lemma cls_change_pivot:
  assumes k: "k < s" "a k \<noteq> 0"
  shows "CL k (change_pivot 0 k c) k = CL 0 c k"
proof -
  have Akk: "Ac k k \<noteq> 0" using Ac_self[OF k(2)] by simp
  have A0k: "Ac 0 k \<noteq> 0" using k(2) a0 unfolding Acoef_def by simp
  have "i \<in> CL k (change_pivot 0 k c) k \<longleftrightarrow> i \<in> CL 0 c k" for i
  proof (cases "i < s \<and> a i \<noteq> 0")
    case False
    then have "i \<notin> CL k (change_pivot 0 k c) k" "i \<notin> CL 0 c k"
      unfolding cls_def Acoef_def using Akk A0k k(2) a0 by auto
    then show ?thesis by simp
  next
    case True
    then have i: "i < s" "a i \<noteq> 0" by auto
    have Aki: "Ac k i \<noteq> 0" "Ac 0 i \<noteq> 0" using i(2) k(2) a0 unfolding Acoef_def by auto
    have L: "i \<in> CL k (change_pivot 0 k c) k \<longleftrightarrow> Bc k (change_pivot 0 k c) i = 0"
      unfolding cls_def using Akk Aki i(1) by (simp add: Bc_self)
    have R: "i \<in> CL 0 c k \<longleftrightarrow> Bc 0 c i / Ac 0 i = Bc 0 c k / Ac 0 k"
      unfolding cls_def using A0k Aki i(1) by simp
    show ?thesis
    proof (cases "i = k")
      case True then show ?thesis using L R by (simp add: Bc_self)
    next
      case False
      have "Bc k (change_pivot 0 k c) i = 0 \<longleftrightarrow> change_pivot 0 k c i = 0" using False k(2) unfolding Bcoef_def by simp
      also have "\<dots> \<longleftrightarrow> (a k * c_ext 0 c i - a i * c_ext 0 c k) / a 0 = 0" unfolding change_pivot_def ..
      also have "\<dots> \<longleftrightarrow> (- c_ext 0 c i / a 0) / (a i / a 0) = (- c_ext 0 c k / a 0) / (a k / a 0)"
        by (rule cross_diff_zero_iff_ratio_eq[OF k(2) i(2) a0])
      also have "\<dots> \<longleftrightarrow> Bc 0 c i / Ac 0 i = Bc 0 c k / Ac 0 k"
        unfolding Bcoef_c_ext Acoef_def ..
      finally show ?thesis using L R by simp
    qed
  qed
  then show ?thesis by blast
qed

lemma Hset_change_pivot:
  assumes kH: "k \<in> HS 0 c"
  shows "k < s" "a k \<noteq> 0" "k \<in> HS k (change_pivot 0 k c)"
proof -
  have kR: "k \<in> reps 0 c" using kH Hset_subset_reps by blast
  show ks: "k < s" using reps_less[OF kR] .
  have "k \<in> J 0" using kR unfolding reps_def by blast
  then show ak: "a k \<noteq> 0" unfolding Jset_def Acoef_def by auto
  have ceq: "CL k (change_pivot 0 k c) k = CL 0 c k" by (rule cls_change_pivot[OF ks ak])
  have geq: "\<gamma> k (change_pivot 0 k c) k j = \<gamma> 0 c k j" for j
    unfolding gam_def phi_def ceq ..
  have rep: "is_rep s \<alpha> \<beta> k (change_pivot 0 k c) k"
    unfolding is_rep_iff rep_def using cls_self[OF ks] ks by simp
  have J: "k \<in> J k" using pivot_in_Jset[OF ks ak] .
  have nc: "\<not> (\<forall>j<m. \<forall>j'<m. \<gamma> 0 c k j = \<gamma> 0 c k j')" using kH unfolding Hset_def by blast
  show "k \<in> HS k (change_pivot 0 k c)" unfolding Hset_def using rep J nc geq by simp
qed

lemma Hset_nonempty:
  assumes fin: "finite (ss_roots 0 \<kappa> c)" and ne: "ss_roots 0 \<kappa> c \<noteq> {}"
  shows "HS 0 c \<noteq> {}"
proof
  assume H: "HS 0 c = {}"
  define C where "C = (\<Sum>j<m. Nm \<alpha> \<beta> 0 j * \<kappa> j * cst 0 c j)"
  have G: "poly (red_poly 0 \<kappa> c) t = C" for t unfolding poly_red_poly H C_def by simp
  obtain r where r: "r \<in> ss_roots 0 \<kappa> c" using ne by blast
  then have rD: "r \<in> pdom 0 c" and "poly (ss_poly 0 \<kappa> c) r = 0" unfolding ss_roots_def by auto
  then have "C = 0" using ss_poly_root_iff_red_poly_root[OF rD] G by simp
  obtain \<rho> where \<rho>: "\<rho> > 0" "\<forall>y. \<bar>y - r\<bar> < \<rho> \<longrightarrow> y \<in> pdom 0 c" using open_real_nbhd[OF open_pdom rD] by blast
  have "{r <..< r + \<rho>} \<subseteq> ss_roots 0 \<kappa> c"
  proof
    fix y assume "y \<in> {r <..< r + \<rho>}"
    then have yD: "y \<in> pdom 0 c" using \<rho> by auto
    then show "y \<in> ss_roots 0 \<kappa> c" using ss_poly_root_iff_red_poly_root[OF yD] G \<open>C = 0\<close> unfolding ss_roots_def by simp
  qed
  moreover have "infinite {r <..< r + \<rho>}" using \<rho> by simp
  ultimately show False using fin finite_subset by blast
qed

lemma exists_simple_max_config:
  assumes cap: "cap_pos s m \<alpha> \<beta> = enat N" and "N \<ge> 1"
  obtains \<kappa> c where "rate_vec m \<kappa>" "finite (ss_roots 0 \<kappa> c)" "card (ss_roots 0 \<kappa> c) = N"
    "\<And>t. t \<in> ss_roots 0 \<kappa> c \<Longrightarrow> poly (pderiv (ss_poly 0 \<kappa> c)) t \<noteq> 0"
proof -
  obtain \<kappa> c where r: "rate_vec m \<kappa>" and e: "ecard (pos_ss s m \<alpha> \<beta> 0 \<kappa> c) = enat N"
    using exists_config_attaining_cap[OF cap] by blast
  have fin: "finite (ss_roots 0 \<kappa> c)" and card: "card (ss_roots 0 \<kappa> c) = N"
    using ecard_enat[of "ss_roots 0 \<kappa> c" N] e ecard_pos_ss[OF s_pos a0] by auto
  obtain \<epsilon> where "rate_vec m (perturbed \<kappa> 0 0 \<epsilon>)" "finite (ss_roots 0 (perturbed \<kappa> 0 0 \<epsilon>) c)"
    "card (ss_roots 0 (perturbed \<kappa> 0 0 \<epsilon>) c) = N"
    "\<And>t. t \<in> ss_roots 0 (perturbed \<kappa> 0 0 \<epsilon>) c \<Longrightarrow> poly (pderiv (ss_poly 0 (perturbed \<kappa> 0 0 \<epsilon>) c)) t \<noteq> 0"
    using exists_simple_perturbation[OF s_pos a0 m_pos r fin card \<open>N \<ge> 1\<close> ss_roots_bounded[OF cap s_pos a0]
      zero_less_one] by blast
  then show ?thesis by (rule that)
qed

=-=-=

Problem to solve
Would you copy every line from the listing above that has the string "shows" in it?

Response area
  shows "CL k (change_pivot 0 k c) k = CL 0 c k"
  shows "k < s" "a k \<noteq> 0" "k \<in> HS k (change_pivot 0 k c)"
  shows "HS 0 c \<noteq> {}"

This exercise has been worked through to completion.